Release is just around the corner. Here is a new demo by Blakus as well as comprehensive tech demos (100% dry), comparing between mic positions too.

[flash width=800 height=200 loop=false]https://player.soundcloud.com/player.swf?url=http://api.soundcloud.com/playlists/25285886[/flash]


----------



## Generdyn (Mar 2, 2014)

*Re: STORM CHOIR 2: SUSTAINS AND STACCATOS --- new Blakus demo + comprehensive dry tech demos*

This sounds awesome! Choir is so powerful!


----------



## Blakus (Mar 3, 2014)

Having played with the library, I am seriously impressed by it. Both sound and playability are the best I've come across in a choir! Congrats to the team on an amazing achievement! :o


----------



## MA-Simon (Mar 3, 2014)

*Re: STORM CHOIR 2: SUSTAINS AND STACCATOS --- new Blakus demo + comprehensive dry tech demos*

Sounds really nice! :D 
Already set everything up for the big download.


----------



## Stephen Baysted (Mar 3, 2014)

*Re: STORM CHOIR 2: SUSTAINS AND STACCATOS --- new Blakus demo + comprehensive dry tech demos*

Sounding mighty fine. Looking forward to picking this up.


----------



## StrezovSampling (Mar 5, 2014)

*Re: STORM CHOIR 2: SUSTAINS AND STACCATOS --- new Blakus demo + comprehensive dry tech demos*

[flash width=400 height=100 loop=false]http://player.soundcloud.com/player.swf?url=https://soundcloud.com/strezov-sampling/a-trap-by-henri-vartio&amp;show_comments=true&amp;auto_play=false&amp;show_playcount=true&amp;show_artwork=false&amp;color=b99a43[/flash]
https://soundcloud.com/strezov-sampling ... nri-vartio

Henri Vartio composed this great and dynamic action track that features a lot of Storm Choir 2: Sustains and Staccatos. Listen to "A Trap" while we prepare for the initial release! 

Best,
G.


----------



## Vartio (Mar 8, 2014)

*Re: STORM CHOIR 2: SUSTAINS AND STACCATOS --- new demo by Henri Vartio*

Thanks for sharing the demo mate, I really loved writing it, something to note is that the choir performances were all tracked on a single take of sustains for both sections so all the staccato action is actually the sustain attacks merging with the release samples which makes the playing feel super fluid and natural. you can very easily perform different lengths of staccato on just the sustain patch!


----------



## mojamusic (Mar 8, 2014)

*Re: STORM CHOIR 2: SUSTAINS AND STACCATOS --- new Blakus demo + comprehensive dry tech demos*



StrezovSampling @ Wed Mar 05 said:


> https://soundcloud.com/strezov-sampling ... nri-vartio
> 
> Henri Vartio composed this great and dynamic action track that features a lot of Storm Choir 2: Sustains and Staccatos. Listen to "A Trap" while we prepare for the initial release!
> 
> ...



Woozers! Oh my, I am thoroughly impressed by this demo and the sound of the choir.

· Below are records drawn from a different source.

lemma summable_on_mult_powr:
  fixes e w :: "'a \<Rightarrow> real"
  assumes q: "q \<ge> 1" and e: "\<And>x. x \<in> X \<Longrightarrow> e x \<ge> 0" and w: "\<And>x. x \<in> X \<Longrightarrow> w x \<ge> 0"
    and "w summable_on X" and "(\<lambda>x. e x powr q * w x) summable_on X"
  shows "(\<lambda>x. e x * w x) summable_on X"
proof (rule summable_on_comparison_test)
  show "(\<lambda>x. e x powr q * w x + w x) summable_on X" using assms by (intro summable_on_add)
  fix x assume x: "x \<in> X"
  have "e x \<le> e x powr q + 1"
  proof (cases "e x \<le> 1")
    case False
    then have "e x powr 1 \<le> e x powr q" using q by (intro powr_mono) auto
    then show ?thesis using False by simp
  qed (smt (verit) powr_ge_zero)
  then show "e x * w x \<le> e x powr q * w x + w x"
    using w[OF x] by (metis distrib_right mult_1 mult_right_mono)
qed (use e w in auto)

lemma infsum_mult_powr_tangent_le:
  fixes e w :: "'a \<Rightarrow> real"
  assumes q: "q \<ge> 1" and e: "\<And>x. x \<in> X \<Longrightarrow> e x \<ge> 0" and w: "\<And>x. x \<in> X \<Longrightarrow> w x \<ge> 0"
    and ws: "w summable_on X" and ews: "(\<lambda>x. e x powr q * w x) summable_on X" and mu: "mu > 0"
  shows "(\<Sum>\<^sub>\<infinity>x\<in>X. e x * w x) * mu powr (q - 1)
           \<le> (\<Sum>\<^sub>\<infinity>x\<in>X. e x powr q * w x) / q + (1 - 1/q) * mu powr q * (\<Sum>\<^sub>\<infinity>x\<in>X. w x)"
proof -
  have s1: "(\<lambda>x. e x powr q * w x / q) summable_on X" and s2: "(\<lambda>x. (1 - 1/q) * mu powr q * w x) summable_on X"
    using summable_on_cmult_left[OF ews, of "1/q"] summable_on_cmult_right[OF ws, of "(1 - 1/q) * mu powr q"]
    by (simp_all add: mult.assoc)
  have "(\<Sum>\<^sub>\<infinity>x\<in>X. e x * w x) * mu powr (q - 1) = (\<Sum>\<^sub>\<infinity>x\<in>X. e x * w x * mu powr (q - 1))"
    by (rule infsum_cmult_left'[symmetric])
  also have "\<dots> \<le> (\<Sum>\<^sub>\<infinity>x\<in>X. e x powr q * w x / q + (1 - 1/q) * mu powr q * w x)"
  proof (rule infsum_mono)
    show "(\<lambda>x. e x * w x * mu powr (q - 1)) summable_on X"
      using summable_on_mult_powr[OF q e w ws ews] by (rule summable_on_cmult_left)
    fix x assume x: "x \<in> X"
    have "e x * mu powr (q - 1) * w x \<le> (e x powr q / q + (1 - 1/q) * mu powr q) * w x"
      using Youngs_inequality_powr[OF e[OF x] mu q] w[OF x] by (rule mult_right_mono)
    then show "e x * w x * mu powr (q - 1) \<le> e x powr q * w x / q + (1 - 1/q) * mu powr q * w x"
      by (simp add: algebra_simps)
  qed (use s1 s2 in \<open>rule summable_on_add\<close>)
  also have "\<dots> = (\<Sum>\<^sub>\<infinity>x\<in>X. e x powr q * w x) / q + (1 - 1/q) * mu powr q * (\<Sum>\<^sub>\<infinity>x\<in>X. w x)"
    using infsum_cmult_left'[of "\<lambda>x. e x powr q * w x" "1/q" X] infsum_cmult_right'[of "(1 - 1/q) * mu powr q" w X]
    by (simp only: infsum_add[OF s1 s2]) (simp add: mult.assoc)
  finally show ?thesis .
qed

lemma infsum_weighted_power_mean_le:
  fixes e w :: "'a \<Rightarrow> real"
  assumes q: "q \<ge> 1" and e: "\<And>x. x \<in> X \<Longrightarrow> e x \<ge> 0" and w: "\<And>x. x \<in> X \<Longrightarrow> w x \<ge> 0"
    and ws: "w summable_on X" and ews: "(\<lambda>x. e x powr q * w x) summable_on X"
  shows "(\<Sum>\<^sub>\<infinity>x\<in>X. e x * w x) powr q \<le> (\<Sum>\<^sub>\<infinity>x\<in>X. w x) powr (q - 1) * (\<Sum>\<^sub>\<infinity>x\<in>X. e x powr q * w x)"
proof -
  define S where "S = (\<Sum>\<^sub>\<infinity>x\<in>X. e x * w x)"
  define A where "A = (\<Sum>\<^sub>\<infinity>x\<in>X. e x powr q * w x)"
  define B where "B = (\<Sum>\<^sub>\<infinity>x\<in>X. w x)"
  have "A \<ge> 0" "B \<ge> 0" unfolding A_def B_def using e w by (auto intro!: infsum_nonneg)
  show ?thesis
  proof (cases "A = 0 \<or> B = 0")
    case True
    have "e x powr q * w x = 0 \<or> w x = 0" if "x \<in> X" for x
    proof (cases "A = 0")
      case True
      then show ?thesis using nonneg_infsum_le_0D[OF _ ews _ that] e w unfolding A_def by auto
    next
      case False
      then show ?thesis using \<open>A = 0 \<or> B = 0\<close> nonneg_infsum_le_0D[OF _ ws _ that] w unfolding B_def by auto
    qed
    then have "S = 0" unfolding S_def by (intro infsum_0) auto
    then show ?thesis using \<open>A \<ge> 0\<close> \<open>B \<ge> 0\<close> q by (simp add: S_def A_def B_def)
  next
    case False
    then have "A > 0" "B > 0" using \<open>A \<ge> 0\<close> \<open>B \<ge> 0\<close> by auto
    define mu where "mu = (A / B) powr (1/q)"
    have mu: "mu > 0" "mu powr q = A / B"
      using \<open>A > 0\<close> \<open>B > 0\<close> q by (auto simp: mu_def powr_powr)
    have "S * mu powr (q - 1) \<le> A / q + (1 - 1/q) * (A / B) * B"
      using infsum_mult_powr_tangent_le[OF q e w ws ews mu(1)] mu(2) by (simp add: S_def A_def B_def)
    also have "\<dots> = A" using \<open>B > 0\<close> q by (simp add: field_simps)
    finally have "S \<le> A / mu powr (q - 1)" using mu by (simp add: field_simps)
    then have "S powr q \<le> (A / mu powr (q - 1)) powr q"
      using q by (intro powr_mono2) (auto simp: S_def intro!: infsum_nonneg mult_nonneg_nonneg e w)
    also have "\<dots> = A powr q / (mu powr q) powr (q - 1)"
      using mu(1) \<open>A > 0\<close> by (simp add: powr_divide powr_powr mult.commute)
    also have "\<dots> = A powr q / (A / B) powr (q - 1)" by (simp only: mu(2))
    also have "\<dots> = B powr (q - 1) * A"
      using \<open>A > 0\<close> \<open>B > 0\<close> by (simp add: powr_divide powr_diff field_simps)
    finally show ?thesis by (simp add: S_def A_def B_def)
  qed
qed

Are there legato "AHs" for men as well as ladies?


----------



## tmm (Mar 8, 2014)

*Re: STORM CHOIR 2: SUSTAINS AND STACCATOS --- new Blakus demo + comprehensive dry tech demos*



mojamusic @ Sat Mar 08 said:


> Are there legato "AHs" for men as well as ladies?

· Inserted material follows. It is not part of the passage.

(* Identify $\Gamma(Lev,\mathbb F x)$ with $\mathbb F[\mathrm{BHS}]$ via $u\mapsto\mathscr O_{\Sigma_n}(\underline u)\otimes x^{\otimes n}$ for $u\in\mathrm{BHS}(n)$, and let $1_{\mathscr L}=(1,0,0,\dots)\in\mathrm{BHS}(1)$ (corresponding to $1\otimes x$). Then for every $u\in\mathrm{BHS}(n)$, $$u=\phi_{\underline u,\,(u(0),u(1),\dots,u(o(u)))}(1_{\mathscr L},\dots,1_{\mathscr L})\quad(o(u)+1\text{ arguments}).$$ In particular $\mathbb F[\mathrm{BHS}]$ is generated as a $\Gamma(Lev)$-algebra by $1_{\mathscr L}$.
   Context: $[n]=\{1,\dots,n\}$. $\mathscr L'(n)$ ($n\ge1$): maps $h:[n]\to\mathbb N$ with $\sum_i2^{-h(i)}=1$, $\sigma\cdot h=h\circ\sigma^{-1}$; set operad with unit $1\mapsto0$ and full composition $\mu(h\otimes g_1\otimes\dots\otimes g_n)$ sending $m_1+\dots+m_{j-1}+t$ to $h(j)+g_j(t)$; $Lev=\mathbb F[\mathscr L']$. $\Gamma(Lev,V)=\bigoplus_n(Lev(n)\otimes V^{\otimes n})^{\Sigma_n}$ with Fresse's divided power monad multiplication $\tilde\mu$; $\Gamma(Lev,\mathbb F x)$ is the free $\Gamma(Lev)$-algebra on one generator. $\mathrm{BHS}(n)=\{u\in\mathbb N^{\mathbb N}:\sum_iu(i)=n,\ \sum_iu(i)2^{-i}=1\}$; $o(u)$ is the largest $j$ with $u(j)\ne0$; $\underline u\in\mathscr L'(n)$ sends the $j$-th consecutive interval (of length $u(j)$) to $j$; $\mathscr O_{\Sigma_n}(\underline u)=\sum_{y\in\Sigma_n\cdot\underline u}y$. Compositions ${\underline r}\in\mathrm{Comp}_p(n)$ are identified with partitions of $[n]$ into consecutive intervals, $\Sigma_{\underline r}$ the Young subgroup preserving them. For $h\in\mathscr L'(n)$ constant on each interval of ${\underline r}$ and $a_i\in\Gamma(Lev,\mathbb F x)$, $\phi_{h,{\underline r}}(a_1,\dots,a_p)=\tilde\mu\big(\sum_{\sigma\in\Sigma_n/\Sigma_{\underline r}}\sigma\cdot h\otimes\sigma\cdot(a_1^{\otimes r_1}\otimes\dots\otimes a_p^{\otimes r_p})\big)$. *)

theory Defs
  imports Complex_Main "HOL-Combinatorics.Permutations"
begin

Yes, I'm surprised they haven't been showcased as much, as they sound phenomenal, easily my favorite virtual men's vocal section. I used them in the latest short song I put together:

https://soundcloud.com/themammonmachine ... he-scourge


----------



## NYC Composer (Mar 8, 2014)

*Re: STORM CHOIR 2: SUSTAINS AND STACCATOS --- new demo by Henri Vartio*

George- when SC2 is released, will all of us Kickstarter supporters get an email?


----------



## StrezovSampling (Mar 9, 2014)

*Re: STORM CHOIR 2: SUSTAINS AND STACCATOS --- new Blakus demo + comprehensive dry tech demos*

TWO EPIC new demos: 

*SUPERNOVA BY IVAN TORRENT*
[flash width=400 height=100 loop=false]http://player.soundcloud.com/player.swf?url=https://soundcloud.com/strezov-sampling/supernova-by-ivan-torrent&amp;show_comments=true&amp;auto_play=false&amp;show_playcount=true&amp;show_artwork=false&amp;color=b99a43[/flash]
https://soundcloud.com/strezov-sampling ... an-torrent

and

*THE SWORD OF VENGEANCE BY ROBERT DOUGLAS*
[flash width=400 height=100 loop=false]http://player.soundcloud.com/player.swf?url=https://soundcloud.com/strezov-sampling/the-sword-of-vengeance-by&amp;show_comments=true&amp;auto_play=false&amp;show_playcount=true&amp;show_artwork=false&amp;color=b99a43[/flash]
https://soundcloud.com/strezov-sampling ... ngeance-by

Hello guys, here are two new demos for SC2: Sustains & Staccatos. Great stuff by the absolutely epic composers Ivan Torrent and Robert Douglas. 



Vartio @ Sat Mar 08 said:


> Thanks for sharing the demo mate, I really loved writing it, something to note is that the choir performances were all tracked on a single take of sustains for both sections so all the staccato action is actually the sustain attacks merging with the release samples which makes the playing feel super fluid and natural. you can very easily perform different lengths of staccato on just the sustain patch!


A huge fan of your music Henri. Thanks again for taking this journey with us - from the beginning! 



mojamusic @ Sat Mar 08 said:


> Woozers! Oh my, I am thoroughly impressed by this demo and the sound of the choir. Are there legato "AHs" for men as well as ladies?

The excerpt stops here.